- _Task to complete_:
Take the entries below and print only the lines from the one with "b = skew_act n u (skew_act" through the one with "by (rule sum.cong[OF", exactly as they stand, both ends included.

- _Input records_:

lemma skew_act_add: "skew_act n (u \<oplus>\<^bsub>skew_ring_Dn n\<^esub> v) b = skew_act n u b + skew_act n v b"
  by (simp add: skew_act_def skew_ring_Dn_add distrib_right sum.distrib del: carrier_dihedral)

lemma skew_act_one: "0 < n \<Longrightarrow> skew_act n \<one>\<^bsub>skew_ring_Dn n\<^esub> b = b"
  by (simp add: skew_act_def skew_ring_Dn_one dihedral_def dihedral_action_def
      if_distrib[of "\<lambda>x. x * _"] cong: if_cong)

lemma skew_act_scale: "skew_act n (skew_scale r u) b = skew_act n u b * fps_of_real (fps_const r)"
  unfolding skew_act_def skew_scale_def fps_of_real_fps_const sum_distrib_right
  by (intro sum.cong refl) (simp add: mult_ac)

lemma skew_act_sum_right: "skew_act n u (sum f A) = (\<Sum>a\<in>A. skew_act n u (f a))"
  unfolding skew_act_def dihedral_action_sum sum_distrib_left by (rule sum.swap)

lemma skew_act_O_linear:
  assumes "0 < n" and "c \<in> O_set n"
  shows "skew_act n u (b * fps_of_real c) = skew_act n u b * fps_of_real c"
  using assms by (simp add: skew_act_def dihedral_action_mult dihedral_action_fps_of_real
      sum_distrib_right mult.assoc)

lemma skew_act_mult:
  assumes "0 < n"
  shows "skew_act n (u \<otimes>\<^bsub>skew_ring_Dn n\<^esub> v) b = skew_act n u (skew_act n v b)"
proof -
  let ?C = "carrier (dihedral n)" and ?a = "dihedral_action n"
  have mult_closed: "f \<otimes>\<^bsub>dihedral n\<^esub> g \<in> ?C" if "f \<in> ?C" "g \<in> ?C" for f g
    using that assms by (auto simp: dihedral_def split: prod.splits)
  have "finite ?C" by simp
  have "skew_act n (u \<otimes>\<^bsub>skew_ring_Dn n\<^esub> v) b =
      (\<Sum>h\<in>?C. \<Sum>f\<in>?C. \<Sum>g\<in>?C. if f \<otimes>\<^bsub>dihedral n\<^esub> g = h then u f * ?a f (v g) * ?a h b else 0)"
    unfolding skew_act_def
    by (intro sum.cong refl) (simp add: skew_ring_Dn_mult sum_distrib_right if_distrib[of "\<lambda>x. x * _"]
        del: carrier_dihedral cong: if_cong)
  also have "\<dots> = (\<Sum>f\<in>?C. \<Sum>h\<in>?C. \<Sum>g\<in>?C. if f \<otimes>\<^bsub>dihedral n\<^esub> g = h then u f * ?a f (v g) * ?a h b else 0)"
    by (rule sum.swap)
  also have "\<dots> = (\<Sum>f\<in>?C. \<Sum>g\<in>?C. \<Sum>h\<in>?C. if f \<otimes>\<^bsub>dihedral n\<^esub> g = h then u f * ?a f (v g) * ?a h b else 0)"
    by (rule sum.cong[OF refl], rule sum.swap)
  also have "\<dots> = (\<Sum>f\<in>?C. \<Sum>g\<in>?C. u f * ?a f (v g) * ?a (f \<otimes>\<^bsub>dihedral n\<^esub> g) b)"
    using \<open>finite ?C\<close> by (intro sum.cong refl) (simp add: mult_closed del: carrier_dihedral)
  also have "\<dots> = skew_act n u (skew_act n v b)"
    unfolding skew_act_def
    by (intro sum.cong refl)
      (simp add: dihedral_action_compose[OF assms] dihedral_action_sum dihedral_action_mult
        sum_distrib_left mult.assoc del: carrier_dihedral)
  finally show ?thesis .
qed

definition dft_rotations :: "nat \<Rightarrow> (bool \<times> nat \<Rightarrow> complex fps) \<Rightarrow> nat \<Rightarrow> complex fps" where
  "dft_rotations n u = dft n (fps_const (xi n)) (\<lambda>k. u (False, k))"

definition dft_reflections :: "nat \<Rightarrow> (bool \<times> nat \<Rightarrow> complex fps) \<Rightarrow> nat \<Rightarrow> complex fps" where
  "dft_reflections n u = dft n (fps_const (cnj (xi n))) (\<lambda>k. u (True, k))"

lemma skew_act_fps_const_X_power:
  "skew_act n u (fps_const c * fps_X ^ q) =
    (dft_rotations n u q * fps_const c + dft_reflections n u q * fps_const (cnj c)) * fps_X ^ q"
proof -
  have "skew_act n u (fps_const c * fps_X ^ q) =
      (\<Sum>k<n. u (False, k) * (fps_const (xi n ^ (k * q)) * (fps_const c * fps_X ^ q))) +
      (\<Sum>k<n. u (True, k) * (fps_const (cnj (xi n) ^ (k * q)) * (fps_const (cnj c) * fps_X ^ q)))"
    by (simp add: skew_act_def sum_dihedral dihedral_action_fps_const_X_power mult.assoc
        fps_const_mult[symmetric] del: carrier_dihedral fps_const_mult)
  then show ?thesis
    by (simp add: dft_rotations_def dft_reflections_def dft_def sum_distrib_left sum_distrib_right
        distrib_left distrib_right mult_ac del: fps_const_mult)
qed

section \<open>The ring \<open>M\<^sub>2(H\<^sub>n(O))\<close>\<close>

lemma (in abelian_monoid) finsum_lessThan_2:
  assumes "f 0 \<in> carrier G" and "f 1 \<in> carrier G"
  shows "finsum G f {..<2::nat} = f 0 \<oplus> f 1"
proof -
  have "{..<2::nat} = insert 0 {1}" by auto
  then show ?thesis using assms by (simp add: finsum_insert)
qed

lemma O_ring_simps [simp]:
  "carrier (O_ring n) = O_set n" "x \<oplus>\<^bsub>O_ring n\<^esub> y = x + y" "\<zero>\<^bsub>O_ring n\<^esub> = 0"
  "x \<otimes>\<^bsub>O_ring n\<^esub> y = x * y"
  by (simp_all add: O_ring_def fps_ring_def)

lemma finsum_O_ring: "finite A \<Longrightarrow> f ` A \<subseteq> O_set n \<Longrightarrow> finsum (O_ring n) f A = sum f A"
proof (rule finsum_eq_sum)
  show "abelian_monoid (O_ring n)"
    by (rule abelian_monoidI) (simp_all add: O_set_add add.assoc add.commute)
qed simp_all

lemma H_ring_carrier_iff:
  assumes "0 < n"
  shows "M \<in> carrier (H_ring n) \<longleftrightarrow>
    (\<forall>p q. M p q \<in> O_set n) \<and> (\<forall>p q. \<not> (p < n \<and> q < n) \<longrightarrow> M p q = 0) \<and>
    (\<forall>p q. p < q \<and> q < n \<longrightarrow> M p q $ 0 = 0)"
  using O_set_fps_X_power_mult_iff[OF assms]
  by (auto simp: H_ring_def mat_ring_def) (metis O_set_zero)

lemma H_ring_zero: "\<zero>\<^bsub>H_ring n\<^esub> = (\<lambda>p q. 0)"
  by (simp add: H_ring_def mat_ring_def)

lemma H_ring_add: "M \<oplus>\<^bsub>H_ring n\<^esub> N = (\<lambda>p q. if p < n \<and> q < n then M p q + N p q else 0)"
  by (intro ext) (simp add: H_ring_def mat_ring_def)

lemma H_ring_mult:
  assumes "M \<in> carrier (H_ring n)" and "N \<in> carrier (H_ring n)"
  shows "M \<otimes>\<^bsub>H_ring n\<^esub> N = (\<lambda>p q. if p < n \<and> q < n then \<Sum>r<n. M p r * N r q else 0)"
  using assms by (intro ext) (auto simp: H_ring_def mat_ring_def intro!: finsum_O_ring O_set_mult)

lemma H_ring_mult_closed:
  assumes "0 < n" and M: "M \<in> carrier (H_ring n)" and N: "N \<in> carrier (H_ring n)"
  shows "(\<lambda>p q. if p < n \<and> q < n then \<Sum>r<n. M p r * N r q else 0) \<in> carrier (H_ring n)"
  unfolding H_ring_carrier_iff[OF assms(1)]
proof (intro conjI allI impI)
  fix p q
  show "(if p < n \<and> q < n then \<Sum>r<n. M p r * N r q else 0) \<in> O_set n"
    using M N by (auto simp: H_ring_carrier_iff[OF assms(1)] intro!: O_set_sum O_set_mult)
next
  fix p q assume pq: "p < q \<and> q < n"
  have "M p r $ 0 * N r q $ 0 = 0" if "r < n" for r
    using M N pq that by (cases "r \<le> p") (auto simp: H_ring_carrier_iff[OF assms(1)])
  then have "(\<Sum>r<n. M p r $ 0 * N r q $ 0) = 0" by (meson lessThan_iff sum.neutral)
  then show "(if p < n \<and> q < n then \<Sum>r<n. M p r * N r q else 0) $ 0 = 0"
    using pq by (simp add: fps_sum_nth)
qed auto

- _Solution to the problem_:
  shows "skew_act n (u \<otimes>\<^bsub>skew_ring_Dn n\<^esub> v) b = skew_act n u (skew_act n v b)"
proof -
  let ?C = "carrier (dihedral n)" and ?a = "dihedral_action n"
  have mult_closed: "f \<otimes>\<^bsub>dihedral n\<^esub> g \<in> ?C" if "f \<in> ?C" "g \<in> ?C" for f g
    using that assms by (auto simp: dihedral_def split: prod.splits)
  have "finite ?C" by simp
  have "skew_act n (u \<otimes>\<^bsub>skew_ring_Dn n\<^esub> v) b =
      (\<Sum>h\<in>?C. \<Sum>f\<in>?C. \<Sum>g\<in>?C. if f \<otimes>\<^bsub>dihedral n\<^esub> g = h then u f * ?a f (v g) * ?a h b else 0)"
    unfolding skew_act_def
    by (intro sum.cong refl) (simp add: skew_ring_Dn_mult sum_distrib_right if_distrib[of "\<lambda>x. x * _"]
        del: carrier_dihedral cong: if_cong)
  also have "\<dots> = (\<Sum>f\<in>?C. \<Sum>h\<in>?C. \<Sum>g\<in>?C. if f \<otimes>\<^bsub>dihedral n\<^esub> g = h then u f * ?a f (v g) * ?a h b else 0)"
    by (rule sum.swap)
  also have "\<dots> = (\<Sum>f\<in>?C. \<Sum>g\<in>?C. \<Sum>h\<in>?C. if f \<otimes>\<^bsub>dihedral n\<^esub> g = h then u f * ?a f (v g) * ?a h b else 0)"
    by (rule sum.cong[OF refl], rule sum.swap)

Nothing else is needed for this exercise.